◆ Stored records
----

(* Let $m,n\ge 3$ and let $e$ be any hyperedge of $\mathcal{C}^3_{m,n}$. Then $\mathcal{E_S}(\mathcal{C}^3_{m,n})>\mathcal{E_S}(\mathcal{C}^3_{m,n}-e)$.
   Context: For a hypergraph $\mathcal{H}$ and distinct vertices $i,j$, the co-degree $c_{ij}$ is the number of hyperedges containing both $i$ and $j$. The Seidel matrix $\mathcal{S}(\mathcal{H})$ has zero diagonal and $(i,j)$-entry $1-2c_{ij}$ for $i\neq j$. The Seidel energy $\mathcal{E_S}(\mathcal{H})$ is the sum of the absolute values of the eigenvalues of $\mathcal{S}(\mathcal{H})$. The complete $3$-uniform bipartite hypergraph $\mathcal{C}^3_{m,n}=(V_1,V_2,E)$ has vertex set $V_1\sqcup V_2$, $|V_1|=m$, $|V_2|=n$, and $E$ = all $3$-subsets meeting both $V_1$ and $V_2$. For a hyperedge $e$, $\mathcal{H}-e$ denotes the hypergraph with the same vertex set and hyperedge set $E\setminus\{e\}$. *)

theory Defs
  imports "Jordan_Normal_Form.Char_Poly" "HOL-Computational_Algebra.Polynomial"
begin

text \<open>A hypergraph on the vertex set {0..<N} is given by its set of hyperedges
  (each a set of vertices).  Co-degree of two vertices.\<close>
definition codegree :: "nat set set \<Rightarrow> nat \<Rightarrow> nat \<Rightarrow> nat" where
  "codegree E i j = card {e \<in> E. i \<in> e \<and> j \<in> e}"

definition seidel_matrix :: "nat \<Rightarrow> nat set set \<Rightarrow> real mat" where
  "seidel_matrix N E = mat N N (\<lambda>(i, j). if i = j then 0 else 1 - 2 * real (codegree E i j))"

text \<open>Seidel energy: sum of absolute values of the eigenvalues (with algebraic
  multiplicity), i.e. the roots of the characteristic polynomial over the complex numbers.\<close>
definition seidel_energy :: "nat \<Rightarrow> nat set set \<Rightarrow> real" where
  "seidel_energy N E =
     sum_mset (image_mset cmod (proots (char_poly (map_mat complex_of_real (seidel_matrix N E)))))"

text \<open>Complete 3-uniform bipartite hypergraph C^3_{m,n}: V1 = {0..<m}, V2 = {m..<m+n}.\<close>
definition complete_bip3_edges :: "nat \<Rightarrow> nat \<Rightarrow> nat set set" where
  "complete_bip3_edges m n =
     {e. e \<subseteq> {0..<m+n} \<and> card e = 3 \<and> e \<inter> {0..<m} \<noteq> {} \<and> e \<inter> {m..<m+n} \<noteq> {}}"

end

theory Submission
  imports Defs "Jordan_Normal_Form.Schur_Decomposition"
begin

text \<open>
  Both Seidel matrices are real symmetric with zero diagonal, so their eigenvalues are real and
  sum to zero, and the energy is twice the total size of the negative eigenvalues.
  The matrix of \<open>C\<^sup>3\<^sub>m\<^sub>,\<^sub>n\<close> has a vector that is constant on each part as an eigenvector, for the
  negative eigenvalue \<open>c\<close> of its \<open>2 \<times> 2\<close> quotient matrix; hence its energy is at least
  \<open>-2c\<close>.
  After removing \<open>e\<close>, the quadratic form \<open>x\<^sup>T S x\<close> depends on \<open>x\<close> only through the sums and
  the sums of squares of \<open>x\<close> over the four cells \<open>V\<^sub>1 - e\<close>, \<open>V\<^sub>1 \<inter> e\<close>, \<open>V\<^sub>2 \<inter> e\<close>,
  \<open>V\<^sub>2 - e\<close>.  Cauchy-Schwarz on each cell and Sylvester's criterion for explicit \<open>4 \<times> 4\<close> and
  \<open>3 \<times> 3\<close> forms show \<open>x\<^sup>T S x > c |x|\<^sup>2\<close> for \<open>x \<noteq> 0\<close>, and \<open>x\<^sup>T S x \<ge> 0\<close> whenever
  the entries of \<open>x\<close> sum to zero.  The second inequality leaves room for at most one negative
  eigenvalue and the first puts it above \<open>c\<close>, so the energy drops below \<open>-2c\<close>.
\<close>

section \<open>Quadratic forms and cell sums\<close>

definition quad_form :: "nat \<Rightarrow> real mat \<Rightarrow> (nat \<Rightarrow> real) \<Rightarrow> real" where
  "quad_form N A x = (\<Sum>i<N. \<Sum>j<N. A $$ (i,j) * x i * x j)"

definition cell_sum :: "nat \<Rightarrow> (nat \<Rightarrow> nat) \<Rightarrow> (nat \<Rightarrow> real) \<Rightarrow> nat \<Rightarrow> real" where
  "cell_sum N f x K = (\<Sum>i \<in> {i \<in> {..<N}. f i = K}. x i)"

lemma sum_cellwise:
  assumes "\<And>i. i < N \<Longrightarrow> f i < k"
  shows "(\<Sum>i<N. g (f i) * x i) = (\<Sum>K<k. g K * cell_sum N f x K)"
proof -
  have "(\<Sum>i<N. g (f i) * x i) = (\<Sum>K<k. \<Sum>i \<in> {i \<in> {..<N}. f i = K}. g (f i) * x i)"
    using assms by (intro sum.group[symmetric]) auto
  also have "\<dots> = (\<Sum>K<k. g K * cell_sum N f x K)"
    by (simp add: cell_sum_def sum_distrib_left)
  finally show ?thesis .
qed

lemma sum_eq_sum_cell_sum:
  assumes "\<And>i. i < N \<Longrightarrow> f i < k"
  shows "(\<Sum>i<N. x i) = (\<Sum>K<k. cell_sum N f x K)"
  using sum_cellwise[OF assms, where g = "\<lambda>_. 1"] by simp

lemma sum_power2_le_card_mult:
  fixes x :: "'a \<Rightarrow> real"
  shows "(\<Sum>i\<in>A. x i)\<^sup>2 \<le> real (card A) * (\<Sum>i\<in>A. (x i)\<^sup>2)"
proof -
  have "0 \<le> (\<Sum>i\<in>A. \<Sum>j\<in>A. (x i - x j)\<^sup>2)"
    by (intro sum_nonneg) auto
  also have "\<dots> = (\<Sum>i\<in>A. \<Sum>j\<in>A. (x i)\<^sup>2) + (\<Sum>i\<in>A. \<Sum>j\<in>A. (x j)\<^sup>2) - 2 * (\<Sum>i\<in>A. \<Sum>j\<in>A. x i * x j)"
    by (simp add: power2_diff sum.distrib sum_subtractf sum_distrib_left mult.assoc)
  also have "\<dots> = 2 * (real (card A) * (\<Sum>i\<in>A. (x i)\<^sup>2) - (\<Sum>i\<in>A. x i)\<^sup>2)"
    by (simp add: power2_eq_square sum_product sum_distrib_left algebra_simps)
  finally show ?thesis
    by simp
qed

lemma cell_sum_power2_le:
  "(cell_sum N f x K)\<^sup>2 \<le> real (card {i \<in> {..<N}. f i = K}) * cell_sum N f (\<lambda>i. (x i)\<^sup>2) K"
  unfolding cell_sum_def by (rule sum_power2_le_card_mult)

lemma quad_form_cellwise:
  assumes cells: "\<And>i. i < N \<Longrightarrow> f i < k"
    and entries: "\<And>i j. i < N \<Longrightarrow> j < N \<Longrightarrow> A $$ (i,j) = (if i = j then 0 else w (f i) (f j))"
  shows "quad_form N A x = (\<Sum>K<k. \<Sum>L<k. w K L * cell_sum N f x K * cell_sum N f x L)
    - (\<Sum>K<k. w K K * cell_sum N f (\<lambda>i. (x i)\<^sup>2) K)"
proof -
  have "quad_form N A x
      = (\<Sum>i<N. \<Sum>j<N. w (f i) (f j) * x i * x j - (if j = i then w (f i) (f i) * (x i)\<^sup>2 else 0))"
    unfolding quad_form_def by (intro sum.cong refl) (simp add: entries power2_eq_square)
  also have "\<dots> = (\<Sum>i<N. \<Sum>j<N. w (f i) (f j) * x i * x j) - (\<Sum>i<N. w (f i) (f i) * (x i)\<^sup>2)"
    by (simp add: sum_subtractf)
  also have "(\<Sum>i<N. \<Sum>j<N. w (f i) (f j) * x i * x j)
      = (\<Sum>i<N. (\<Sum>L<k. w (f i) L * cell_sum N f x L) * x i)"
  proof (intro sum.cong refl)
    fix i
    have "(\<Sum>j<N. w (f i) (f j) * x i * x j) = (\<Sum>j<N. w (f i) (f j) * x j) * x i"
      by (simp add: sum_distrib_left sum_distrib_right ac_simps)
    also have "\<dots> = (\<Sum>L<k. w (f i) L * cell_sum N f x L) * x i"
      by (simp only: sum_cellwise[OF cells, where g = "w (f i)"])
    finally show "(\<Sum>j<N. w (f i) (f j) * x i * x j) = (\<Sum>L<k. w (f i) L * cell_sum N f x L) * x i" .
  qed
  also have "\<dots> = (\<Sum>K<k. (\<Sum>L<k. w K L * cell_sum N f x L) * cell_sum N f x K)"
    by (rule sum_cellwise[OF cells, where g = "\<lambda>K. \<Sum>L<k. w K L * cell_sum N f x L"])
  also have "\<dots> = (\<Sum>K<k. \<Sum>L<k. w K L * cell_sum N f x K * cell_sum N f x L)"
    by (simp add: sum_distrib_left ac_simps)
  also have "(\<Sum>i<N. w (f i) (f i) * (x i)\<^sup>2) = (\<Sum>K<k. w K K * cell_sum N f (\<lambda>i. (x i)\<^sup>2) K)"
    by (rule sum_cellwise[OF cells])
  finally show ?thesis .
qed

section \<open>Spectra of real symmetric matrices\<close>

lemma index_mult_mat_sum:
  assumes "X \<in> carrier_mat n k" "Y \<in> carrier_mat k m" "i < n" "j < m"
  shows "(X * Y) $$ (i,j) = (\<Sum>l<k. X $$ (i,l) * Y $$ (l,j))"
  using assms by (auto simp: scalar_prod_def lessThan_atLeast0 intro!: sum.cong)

----

◆ What the task asks
Where does the word "imports" appear in the records? Copy every line that holds it.

◆ Task answer
  imports "Jordan_Normal_Form.Char_Poly" "HOL-Computational_Algebra.Polynomial"
  imports Defs "Jordan_Normal_Form.Schur_Decomposition"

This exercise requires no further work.